ASSIGNED TASK. Should any entry seem unclear, still set it down exactly as given, along with all the others.

RECORDS FOR THIS EXERCISE.
Start of Block

(* Let $\partial D$ be a closed $C^2$ curve in $\mathbb{R}^2$ and let $\mathbf{C}=(C_{ij})_{i,j=1}^3$ be the constant matrix described in the context. Then $\mathbf{C}$ is symmetric.
   Context: Lamé constants $\lambda,\mu$; $\boldsymbol\Gamma(\mathbf{x})=\alpha_1\ln|\mathbf{x}|\mathbf{I}_2-\alpha_2\frac{\mathbf{x}\mathbf{x}^T}{|\mathbf{x}|^2}$, $\alpha_1=\frac1{4\pi}(\frac1\mu+\frac1{2\mu+\lambda})$, $\alpha_2=\frac1{4\pi}(\frac1\mu-\frac1{2\mu+\lambda})$. $\mathbf{S}_{\partial D}[\boldsymbol\varphi](\mathbf{x})=\int_{\partial D}\boldsymbol\Gamma(\mathbf{x}-\mathbf{y})\boldsymbol\varphi(\mathbf{y})ds(\mathbf{y})$; $\mathbf{K}^*_{\partial D}[\boldsymbol\varphi](\mathbf{x})=\mathrm{p.v.}\int_{\partial D}\partial_{\boldsymbol\nu_{\mathbf{x}}}\boldsymbol\Gamma(\mathbf{x}-\mathbf{y})\boldsymbol\varphi(\mathbf{y})ds(\mathbf{y})$ with conormal derivative $\partial_{\boldsymbol\nu}\mathbf{u}=\lambda(\nabla\cdot\mathbf{u})\boldsymbol\nu+\mu(\nabla\mathbf{u}+\nabla\mathbf{u}^T)\boldsymbol\nu$. Let $\boldsymbol\xi_1=(1,0)^T$, $\boldsymbol\xi_2=(0,1)^T$, $\boldsymbol\xi_3=(x_2,-x_1)^T$, $\mathbf{F}=(\boldsymbol\xi_1,\boldsymbol\xi_2,\boldsymbol\xi_3)$. It is known that there is a unique $\mathbf{G}=(\boldsymbol\zeta_1,\boldsymbol\zeta_2,\boldsymbol\zeta_3)$, whose columns form a basis of $\ker(-\frac12\mathbf{I}_2+\mathbf{K}^*_{\partial D})$, and a unique constant $3\times3$ matrix $\mathbf{C}$ such that $\mathbf{S}_{\partial D}[\mathbf{G}]=\mathbf{F}\mathbf{C}$ on $\partial D$ and $\int_{\partial D}\mathbf{F}(\mathbf{y})^T\mathbf{G}(\mathbf{y})ds(\mathbf{y})=\mathbf{I}_3$. *)

theory Defs
  imports "HOL-Complex_Analysis.Complex_Analysis"
begin

text \<open>Points and vectors of the plane are represented as complex numbers
  (x1, x2) = x1 + i x2; the Euclidean inner product is the real inner product on complex.\<close>

definition alpha1 :: "real \<Rightarrow> real \<Rightarrow> real" where
  "alpha1 lam mu = (1 / (4 * pi)) * (1 / mu + 1 / (2 * mu + lam))"

definition alpha2 :: "real \<Rightarrow> real \<Rightarrow> real" where
  "alpha2 lam mu = (1 / (4 * pi)) * (1 / mu - 1 / (2 * mu + lam))"

text \<open>Kelvin matrix applied to a vector v:
  Gamma(x) v = alpha1 ln|x| v - alpha2 (x x^T / |x|^2) v.\<close>
definition Gam :: "real \<Rightarrow> real \<Rightarrow> complex \<Rightarrow> complex \<Rightarrow> complex" where
  "Gam lam mu x v = (alpha1 lam mu * ln (norm x)) *\<^sub>R v
                    - (alpha2 lam mu * ((x \<bullet> v) / (norm x)^2)) *\<^sub>R x"

text \<open>Conormal derivative
  lam (div u) n + mu (grad u + grad u^T) n  of a vector field u at x, with D the Jacobian.\<close>
definition conormal :: "real \<Rightarrow> real \<Rightarrow> (complex \<Rightarrow> complex) \<Rightarrow> complex \<Rightarrow> complex \<Rightarrow> complex" where
  "conormal lam mu u x n =
     (let D = frechet_derivative u (at x);
          dv = Re (D 1) + Im (D \<i>)
      in (lam * dv) *\<^sub>R n + mu *\<^sub>R (D n + (complex_of_real (D 1 \<bullet> n) + complex_of_real (D \<i> \<bullet> n) * \<i>)))"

End of Block

THE COMPLETED TASK.
(* Let $\partial D$ be a closed $C^2$ curve in $\mathbb{R}^2$ and let $\mathbf{C}=(C_{ij})_{i,j=1}^3$ be the constant matrix described in the context. Then $\mathbf{C}$ is symmetric.
   Context: Lamé constants $\lambda,\mu$; $\boldsymbol\Gamma(\mathbf{x})=\alpha_1\ln|\mathbf{x}|\mathbf{I}_2-\alpha_2\frac{\mathbf{x}\mathbf{x}^T}{|\mathbf{x}|^2}$, $\alpha_1=\frac1{4\pi}(\frac1\mu+\frac1{2\mu+\lambda})$, $\alpha_2=\frac1{4\pi}(\frac1\mu-\frac1{2\mu+\lambda})$. $\mathbf{S}_{\partial D}[\boldsymbol\varphi](\mathbf{x})=\int_{\partial D}\boldsymbol\Gamma(\mathbf{x}-\mathbf{y})\boldsymbol\varphi(\mathbf{y})ds(\mathbf{y})$; $\mathbf{K}^*_{\partial D}[\boldsymbol\varphi](\mathbf{x})=\mathrm{p.v.}\int_{\partial D}\partial_{\boldsymbol\nu_{\mathbf{x}}}\boldsymbol\Gamma(\mathbf{x}-\mathbf{y})\boldsymbol\varphi(\mathbf{y})ds(\mathbf{y})$ with conormal derivative $\partial_{\boldsymbol\nu}\mathbf{u}=\lambda(\nabla\cdot\mathbf{u})\boldsymbol\nu+\mu(\nabla\mathbf{u}+\nabla\mathbf{u}^T)\boldsymbol\nu$. Let $\boldsymbol\xi_1=(1,0)^T$, $\boldsymbol\xi_2=(0,1)^T$, $\boldsymbol\xi_3=(x_2,-x_1)^T$, $\mathbf{F}=(\boldsymbol\xi_1,\boldsymbol\xi_2,\boldsymbol\xi_3)$. It is known that there is a unique $\mathbf{G}=(\boldsymbol\zeta_1,\boldsymbol\zeta_2,\boldsymbol\zeta_3)$, whose columns form a basis of $\ker(-\frac12\mathbf{I}_2+\mathbf{K}^*_{\partial D})$, and a unique constant $3\times3$ matrix $\mathbf{C}$ such that $\mathbf{S}_{\partial D}[\mathbf{G}]=\mathbf{F}\mathbf{C}$ on $\partial D$ and $\int_{\partial D}\mathbf{F}(\mathbf{y})^T\mathbf{G}(\mathbf{y})ds(\mathbf{y})=\mathbf{I}_3$. *)

theory Defs
  imports "HOL-Complex_Analysis.Complex_Analysis"
begin

text \<open>Points and vectors of the plane are represented as complex numbers
  (x1, x2) = x1 + i x2; the Euclidean inner product is the real inner product on complex.\<close>

definition alpha1 :: "real \<Rightarrow> real \<Rightarrow> real" where
  "alpha1 lam mu = (1 / (4 * pi)) * (1 / mu + 1 / (2 * mu + lam))"

definition alpha2 :: "real \<Rightarrow> real \<Rightarrow> real" where
  "alpha2 lam mu = (1 / (4 * pi)) * (1 / mu - 1 / (2 * mu + lam))"

text \<open>Kelvin matrix applied to a vector v:
  Gamma(x) v = alpha1 ln|x| v - alpha2 (x x^T / |x|^2) v.\<close>
definition Gam :: "real \<Rightarrow> real \<Rightarrow> complex \<Rightarrow> complex \<Rightarrow> complex" where
  "Gam lam mu x v = (alpha1 lam mu * ln (norm x)) *\<^sub>R v
                    - (alpha2 lam mu * ((x \<bullet> v) / (norm x)^2)) *\<^sub>R x"

text \<open>Conormal derivative
  lam (div u) n + mu (grad u + grad u^T) n  of a vector field u at x, with D the Jacobian.\<close>
definition conormal :: "real \<Rightarrow> real \<Rightarrow> (complex \<Rightarrow> complex) \<Rightarrow> complex \<Rightarrow> complex \<Rightarrow> complex" where
  "conormal lam mu u x n =
     (let D = frechet_derivative u (at x);
          dv = Re (D 1) + Im (D \<i>)
      in (lam * dv) *\<^sub>R n + mu *\<^sub>R (D n + (complex_of_real (D 1 \<bullet> n) + complex_of_real (D \<i> \<bullet> n) * \<i>)))"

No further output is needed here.